Stored data entries
------------------------------------

(* Let $R$ be a commutative ring with $\mathbb{Q}\subseteq R$, $\mathcal{A}$ a commutative unital $R$-algebra, and $\mathcal{E}$ a finitely generated projective $\mathcal{A}$-module with a symmetric, strongly nondegenerate, full $\mathcal{A}$-bilinear form $\langle\cdot,\cdot\rangle$. Let $\mathsf{C}_1\in\mathcal{C}^r(\mathcal{E})$ and $\mathsf{C}_2\in\mathcal{C}^s(\mathcal{E})$ with $r,s\ge1$. Then for all $x_1,\dots,x_{r+s-1}\in\mathcal{E}$: $$(\mathsf{C}_1\wedge\mathsf{C}_2)(x_1,\dots,x_{r+s-1})=(-1)^{rs}\sum_{\pi\in\mathrm{Sh}(r,s-1)}\operatorname{sign}(\pi)\,\langle\mathsf{C}_1(x_{\pi(1)},\dots,x_{\pi(r-1)}),x_{\pi(r)}\rangle\,\mathsf{C}_2(x_{\pi(r+1)},\dots,x_{\pi(r+s-1)})$$ $$\qquad+\sum_{\pi\in\mathrm{Sh}(s,r-1)}\operatorname{sign}(\pi)\,\langle\mathsf{C}_2(x_{\pi(1)},\dots,x_{\pi(s-1)}),x_{\pi(s)}\rangle\,\mathsf{C}_1(x_{\pi(s+1)},\dots,x_{\pi(r+s-1)}).$$
   Context: Strongly nondegenerate: $\mathcal{E}\to\operatorname{Hom}_{\mathcal{A}}(\mathcal{E},\mathcal{A})$ is an isomorphism. Full: every $a\in\mathcal{A}$ is a finite sum $\sum_i\langle x_i,y_i\rangle$. $\operatorname{Der}(\mathcal{A})$: $R$-linear derivations of $\mathcal{A}$. $\mathcal{C}^0(\mathcal{E})=\mathcal{A}$ and $\mathcal{C}^1(\mathcal{E})=\mathcal{E}$. An element of $\mathcal{C}^1$ is regarded as a map with zero arguments; for $y\in\mathcal{E}$, $y()=y$. For $r\ge2$, $\mathcal{C}^r(\mathcal{E})$ is the set of $\mathsf{C}\in\operatorname{Hom}_R(\mathcal{E}^{\otimes_R(r-1)},\mathcal{E})$ admitting an $R$-multilinear symbol $\sigma_{\mathsf{C}}:\mathcal{E}^{\otimes(r-2)}\to\operatorname{Der}(\mathcal{A})$ with two properties: (1) $\sigma_{\mathsf{C}}(x_1,\dots,x_{r-2})\langle u,w\rangle=\langle\mathsf{C}(x_1,\dots,x_{r-2},u),w\rangle+\langle u,\mathsf{C}(x_1,\dots,x_{r-2},w)\rangle$; (2) for $r\ge3$ and $1\le i\le r-2$, $\langle\mathsf{C}(\dots,x_i,x_{i+1},\dots)+\mathsf{C}(\dots,x_{i+1},x_i,\dots),u\rangle=\sigma_{\mathsf{C}}(x_1,\dots,\widehat{x_i},\widehat{x_{i+1}},\dots,x_{r-1},u)\langle x_i,x_{i+1}\rangle$. $i_x\mathsf{C}$ inserts $x$ in the first argument. $[\cdot,\cdot]$ is the unique $R$-bilinear graded skew-symmetric map $\mathcal{C}^r\times\mathcal{C}^s\to\mathcal{C}^{r+s-2}$ with: - $[a,b]=0$ and $[a,x]=0=[x,a]$; - $[x,y]=\langle x,y\rangle$; - $[\mathsf{D},a]=\sigma_{\mathsf{D}}(a)=-[a,\mathsf{D}]$ for $\mathsf{D}\in\mathcal{C}^2$; - $[\mathsf{C},x]=i_x\mathsf{C}=(-1)^{r+1}[x,\mathsf{C}]$ for $\mathsf{C}\in\mathcal{C}^r$ with $r\ge2$; - $[[\mathsf{C}_1,\mathsf{C}_2],x]=(-1)^s[[\mathsf{C}_1,x],\mathsf{C}_2]+[\mathsf{C}_1,[\mathsf{C}_2,x]]$. $\wedge$ is the unique degree-$0$ $R$-bilinear product with $a\wedge b=ab$, $a\wedge x=ax=x\wedge a$, and $[\mathsf{C}_1\wedge\mathsf{C}_2,x]=(-1)^s[\mathsf{C}_1,x]\wedge\mathsf{C}_2+\mathsf{C}_1\wedge[\mathsf{C}_2,x]$. $\mathrm{Sh}(p,q)$ denotes the set of $(p,q)$-shuffles: permutations $\pi$ of $\{1,\dots,p+q\}$ with $\pi(1)<\dots<\pi(p)$ and $\pi(p+1)<\dots<\pi(p+q)$. *)

theory Defs
  imports Complex_Main "HOL-Combinatorics.Permutations"
begin
lemma angular_terms_le_4:
  assumes "s \<le> 1/2"
  shows "2 * s * ((r + (1 - s^2)) * r * (1 - cos \<theta>)) \<le> 4"
    and "2 * s * ((r + (1 - s^2)) * r * \<bar>\<theta> - sin \<theta>\<bar>) \<le> 4"
proof -
  define e where "e = 1 - s^2"
  note e = one_minus_sq_bounds[folded e_def]
  have "2 * s * ((r + e) * r * (1 - cos \<theta>)) \<le> 1 * (2 * 1 * 2)"
    using assms s r e cos_le_one[of \<theta>] cos_ge_minus_one[of \<theta>] by (intro mult_mono) auto
  then show "2 * s * ((r + (1 - s^2)) * r * (1 - cos \<theta>)) \<le> 4" by (simp add: e_def)
  have "\<bar>\<theta> - sin \<theta>\<bar> \<le> \<bar>\<theta>\<bar> + 1"
    using abs_triangle_ineq4[of \<theta> "sin \<theta>"] abs_sin_le_one[of \<theta>] by linarith
  then have "r * \<bar>\<theta> - sin \<theta>\<bar> \<le> r * \<bar>\<theta>\<bar> + r"
    using r mult_left_mono[of "\<bar>\<theta> - sin \<theta>\<bar>" "\<bar>\<theta>\<bar> + 1" r] by (simp add: distrib_left)
  then have "(r + e) * (r * \<bar>\<theta> - sin \<theta>\<bar>) \<le> 2 * (r * \<bar>\<theta>\<bar> + r)"
    using r e by (intro mult_mono) auto
  from mult_left_mono[OF this, of "2 * s"] s
  have "2 * s * ((r + e) * r * \<bar>\<theta> - sin \<theta>\<bar>) \<le> 4 * (s * (r * \<bar>\<theta>\<bar>) + s * r)"
    by (simp add: algebra_simps)
  also have "\<dots> \<le> 4 * ((1 - s) + s)"
  proof -
    have "s * (r * \<bar>\<theta>\<bar>) \<le> s * l" using scaled_angle_le s by (simp add: mult_left_mono)
    moreover have "s * r \<le> s" using r s by simp
    ultimately show ?thesis using l by simp
  qed
  finally show "2 * s * ((r + (1 - s^2)) * r * \<bar>\<theta> - sin \<theta>\<bar>) \<le> 4" by (simp add: e_def)
qed

lemma l_le_twice_one_minus_sq:
  assumes "1/2 \<le> s"
  shows "l \<le> 2 * (1 - s^2)"
proof -
  have "1 * (1 - s) \<le> (2 * s) * (1 - s)" by (rule mult_right_mono) (use assms s in auto)
  then have "1 - s \<le> s * (2 * (1 - s))" by (simp add: algebra_simps)
  then have "s * l \<le> s * (2 * (1 - s))" using l(2) by linarith
  then show ?thesis using s one_minus_sq_bounds(3) by simp
qed

lemma angular_terms_bound:
  shows "2 * s * ((r + (1 - s^2)) * r * (1 - cos \<theta>)) \<le> 16 * (1 - s^2)^2"
    and "2 * s * ((r + (1 - s^2)) * r * \<bar>\<theta> - sin \<theta>\<bar>) \<le> 16 * (1 - s^2)^2"
proof -
  define e where "e = 1 - s^2"
  note e = one_minus_sq_bounds[folded e_def]
  consider "s \<le> 1/2" | "1/2 \<le> s" by linarith
  then have "2 * s * ((r + e) * r * (1 - cos \<theta>)) \<le> 16 * e^2
           \<and> 2 * s * ((r + e) * r * \<bar>\<theta> - sin \<theta>\<bar>) \<le> 16 * e^2"
  proof cases
    case 1
    have "1/2 \<le> e" using e 1 by linarith
    then have "(1/2)^2 \<le> e^2" by (rule power_mono) simp
    then show ?thesis using angular_terms_le_4[OF 1, folded e_def] by (simp add: power2_eq_square)
  next
    case 2
    have "r * \<bar>\<theta>\<bar> \<le> 2 * e"
      using scaled_angle_le l_le_twice_one_minus_sq[OF 2] by (simp add: e_def)
    note bounds = weighted_angle_bounds[OF r(1) e(1) this]
    have "2 * s * ((r + e) * r * (1 - cos \<theta>)) \<le> 2 * (4 * e^2)"
      by (rule mult_mono) (use bounds(1) s r e cos_le_one[of \<theta>] in auto)
    moreover have "2 * s * ((r + e) * r * \<bar>\<theta> - sin \<theta>\<bar>) \<le> 2 * (8 * e^2)"
      by (rule mult_mono) (use bounds(2) s r e in auto)
    ultimately show ?thesis using zero_le_power2[of e] by linarith
  qed
  then show "2 * s * ((r + (1 - s^2)) * r * (1 - cos \<theta>)) \<le> 16 * (1 - s^2)^2"
    and "2 * s * ((r + (1 - s^2)) * r * \<bar>\<theta> - sin \<theta>\<bar>) \<le> 16 * (1 - s^2)^2"
    by (simp_all add: e_def)
qed

lemma dilation_term_bound: "(r + (1 - s^2)) * (1 - s)^2 \<le> 2 * (1 - s^2)^2"
proof -
  have "(1 - s)^2 \<le> (1 - s^2)^2" using s one_minus_sq_bounds(3) by (intro power_mono) auto
  moreover have "r + (1 - s^2) \<le> 2" using r one_minus_sq_bounds(2) by linarith
  ultimately show ?thesis by (intro mult_mono) auto
qed

lemma horizontal_displacement_bound:
  "(r + (1 - s^2)) * (r * ((1 - s)^2 + 2 * s * (1 - cos \<theta>))) \<le> 18 * (1 - s^2)^2"
proof -
  have "(r + (1 - s^2)) * (r * (1 - s)^2) \<le> (r + (1 - s^2)) * (1 - s)^2"
    using r one_minus_sq_bounds(1) by (intro mult_left_mono mult_left_le_one_le) auto
  then show ?thesis
    using dilation_term_bound angular_terms_bound(1) by (simp add: algebra_simps)
qed

lemma vertical_displacement_bound:
  "(r + (1 - s^2)) * \<bar>(1 - s^2) * t - 2 * s * r * sin \<theta>\<bar> \<le> 18 * (1 - s^2)^2"
proof -
  have "\<bar>(1 - s^2) - 2 * s * l\<bar> \<le> (1 - s)^2" \<comment> \<open>first-order cancellation at s = 1\<close>
  proof -
    have "s * (1 - s) \<le> s * l" using l s by simp
    then show ?thesis using l by (simp add: abs_le_iff power2_eq_square algebra_simps)
  qed
  then have tD: "\<bar>t * ((1 - s^2) - 2 * s * l)\<bar> \<le> (1 - s)^2"
    unfolding abs_mult using t by (metis abs_ge_zero mult_left_le_one_le order_trans)
  have "(1 - s^2) * t - 2 * s * r * sin \<theta> = t * ((1 - s^2) - 2 * s * l) + 2 * s * (r * (\<theta> - sin \<theta>))"
    using \<theta> by algebra
  then have "\<bar>(1 - s^2) * t - 2 * s * r * sin \<theta>\<bar>
      \<le> \<bar>t * ((1 - s^2) - 2 * s * l)\<bar> + \<bar>2 * s * (r * (\<theta> - sin \<theta>))\<bar>"
    by (simp only: abs_triangle_ineq)
  also have "\<dots> \<le> (1 - s)^2 + 2 * s * (r * \<bar>\<theta> - sin \<theta>\<bar>)"
    using tD s r by (simp add: abs_mult)
  finally have "(r + (1 - s^2)) * \<bar>(1 - s^2) * t - 2 * s * r * sin \<theta>\<bar>
      \<le> (r + (1 - s^2)) * ((1 - s)^2 + 2 * s * (r * \<bar>\<theta> - sin \<theta>\<bar>))"
    using r one_minus_sq_bounds(1) by (intro mult_left_mono) auto
  then show ?thesis
    using dilation_term_bound angular_terms_bound(2) by (simp add: algebra_simps)
qed

end

lemma norm_fst_radial: "0 \<le> s \<Longrightarrow> cmod (fst (radial s \<omega>)) = s * cmod (fst \<omega>)"
  by (simp add: radial_def norm_mult)

lemma knorm_radial: assumes "0 \<le> s" shows "knorm (radial s \<omega>) = s * knorm \<omega>"
proof (rule power_eq_imp_eq_base)
  show "knorm (radial s \<omega>) ^ 4 = (s * knorm \<omega>) ^ 4"
    using assms by (simp add: knorm_pow4 norm_fst_radial power_mult_distrib algebra_simps)
      (simp add: radial_def power_mult_distrib flip: power_mult)
qed (use assms in \<open>simp_all add: knorm_nonneg\<close>)

lemma hdist_rotated_dilation_pow4:
  "hdist (of_real s * z * cis \<theta>, s^2 * t) (z, t) ^ 4 =
     (cmod z ^ 2 * ((1 - s)^2 + 2 * s * (1 - cos \<theta>)))^2 + ((1 - s^2) * t - 2 * s * cmod z ^ 2 * sin \<theta>)^2"
proof -
  define w where "w = of_real s * cis \<theta> - 1"
  have "hmult (hinv (z, t)) (of_real s * z * cis \<theta>, s^2 * t) =
      (z * w, - ((1 - s^2) * t - 2 * s * cmod z ^ 2 * sin \<theta>))"
    by (simp add: w_def hmult_def hinv_def algebra_simps cmod_power2) (simp add: power2_eq_square algebra_simps)
  then have "hdist (of_real s * z * cis \<theta>, s^2 * t) (z, t) ^ 4 =
      (cmod z ^ 2 * cmod w ^ 2)^2 + ((1 - s^2) * t - 2 * s * cmod z ^ 2 * sin \<theta>)^2"
    by (simp add: hdist_def knorm_pow4 norm_mult power_mult_distrib power2_commute flip: power_mult)
  moreover have "cmod w ^ 2 = (1 - s)^2 + 2 * s * (1 - cos \<theta>)"
    using sin_cos_squared_add[of \<theta>] unfolding w_def
    by (simp add: cmod_power2 del: sin_cos_squared_add) algebra
  ultimately show ?thesis by simp
qed

lemma hdist_radial_le:
  assumes \<omega>: "knorm \<omega> = 1" "fst \<omega> \<noteq> 0" and s: "0 < s" "s < 1"
  shows "hdist (radial s \<omega>) \<omega> * sqrt (cmod (fst \<omega>) ^ 2 + (1 - s^2)) \<le> 6 * (1 - s^2)"
proof -
  obtain z t where \<omega>_eq: "\<omega> = (z, t)" by fastforce
  define r e \<theta> where "r = cmod z ^ 2" and "e = 1 - s^2" and "\<theta> = - (t / r) * ln s"
  define N where "N = hdist (radial s \<omega>) \<omega>"
  have rt: "r^2 + t^2 = 1"
    using \<omega>(1) knorm_pow4[of \<omega>] by (simp add: \<omega>_eq r_def flip: power_mult)
  have "r^2 \<le> 1" "t^2 \<le> 1" using rt zero_le_power2[of r] zero_le_power2[of t] by linarith+
  moreover have "0 < r" using \<omega>(2) by (simp add: \<omega>_eq r_def)
  ultimately have r: "0 < r" "r \<le> 1" and t: "\<bar>t\<bar> \<le> 1" by (simp_all add: abs_square_le_1)
  have r\<theta>: "r * \<theta> = t * - ln s" using r by (simp add: \<theta>_def)
  note H = horizontal_displacement_bound[OF s r t neg_ln_bounds[OF s(1)] r\<theta>, folded e_def]
  note V = vertical_displacement_bound[OF s r t neg_ln_bounds[OF s(1)] r\<theta>, folded e_def]
  have e: "0 < e" using s by (simp add: e_def abs_square_less_1)
  have "N ^ 4 = (r * ((1 - s)^2 + 2 * s * (1 - cos \<theta>)))^2 + (e * t - 2 * s * r * sin \<theta>)^2"
    using hdist_rotated_dilation_pow4[of s z \<theta> t]
    by (simp add: N_def radial_def \<omega>_eq r_def e_def \<theta>_def)
  then have "(r + e)^2 * N^4 = ((r + e) * (r * ((1 - s)^2 + 2 * s * (1 - cos \<theta>))))^2
      + ((r + e) * \<bar>e * t - 2 * s * r * sin \<theta>\<bar>)^2"
    by (simp only: power_mult_distrib power2_abs) (simp add: algebra_simps)
  also have "\<dots> \<le> (18 * e^2)^2 + (18 * e^2)^2"
    using H V r e s cos_le_one[of \<theta>] by (intro add_mono power_mono) (auto intro!: mult_nonneg_nonneg)
  also have "\<dots> \<le> (6 * e)^4" by (simp add: power_mult_distrib flip: power_mult)
  finally have "(r + e)^2 * N^4 \<le> (6 * e)^4" .
  moreover have "sqrt (r + e) ^ 4 = (r + e)^2"
  proof -
    have "sqrt (r + e) ^ 4 = (sqrt (r + e) ^ 2) ^ 2" by (simp flip: power_mult)
    then show ?thesis using r e by simp
  qed
  ultimately have "(N * sqrt (r + e))^4 \<le> (6 * e)^4" by (simp add: power_mult_distrib mult.commute)
  then show ?thesis using r e by (simp add: N_def \<omega>_eq r_def e_def hdist_def knorm_nonneg)
qed

lemma hsetdist_radial_ge:
  assumes \<omega>: "\<omega> \<in> hsphere" and s: "0 < s" "s < 1"
  shows "(1 - s^2) / (3 * sqrt (cmod (fst \<omega>) ^ 2 + (1 - s^2))) \<le> hsetdist (radial s \<omega>) hsphere"
proof -
  define m e where "m = cmod (fst \<omega>)" and "e = 1 - s^2"
  define \<sigma> where "\<sigma> = sqrt (m^2 + e)"
  have e: "0 < e" using s by (simp add: e_def abs_square_less_1)
  have m: "0 \<le> m" "m \<le> \<sigma>" using e by (simp_all add: m_def \<sigma>_def real_le_rsqrt)
  have \<sigma>: "0 < \<sigma>" "\<sigma>^2 = m^2 + e" using e by (simp_all add: \<sigma>_def add_nonneg_pos)
  have "(e / (3 * \<sigma>))^2 \<le> e / 9"
  proof -
    have "(e / (3 * \<sigma>))^2 = e / 9 * (e / (m^2 + e))"
      using \<sigma> by (simp add: power_divide power_mult_distrib) (simp add: power2_eq_square)
    also have "\<dots> \<le> e / 9" using e by (intro mult_left_le) (auto simp: add_nonneg_pos)
    finally show ?thesis .
  qed
  moreover have "2 * (s * m) * (e / (3 * \<sigma>)) \<le> 2 * e / 3"
  proof -
    have "s * m \<le> \<sigma>" using s m mult_left_le_one_le[of m s] by linarith
    then show ?thesis using e \<sigma> by (simp add: field_simps)
  qed
  ultimately have "(e / (3 * \<sigma>))^2 + 2 * (s * m) * (e / (3 * \<sigma>)) \<le> e"
    using e by linarith
  moreover have "cmod (fst (radial s \<omega>)) = s * m" "1 - knorm (radial s \<omega>) ^ 2 = e"
    using s knorm_hsphere[OF \<omega>] by (simp_all add: norm_fst_radial knorm_radial m_def e_def)
  ultimately have "(e / (3 * \<sigma>))^2 + 2 * cmod (fst (radial s \<omega>)) * (e / (3 * \<sigma>))
      \<le> 1 - knorm (radial s \<omega>) ^ 2"
    by simp
  then show ?thesis using \<omega> by (intro le_hsetdist_hsphere) (auto simp: \<sigma>_def m_def e_def)
qed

------------------------------------

__Your instructions__:
Write out every line from the entries where "open" appears.

__Exercise answer__:
  have "\<bar>(1 - s^2) - 2 * s * l\<bar> \<le> (1 - s)^2" \<comment> \<open>first-order cancellation at s = 1\<close>
qed (use assms in \<open>simp_all add: knorm_nonneg\<close>)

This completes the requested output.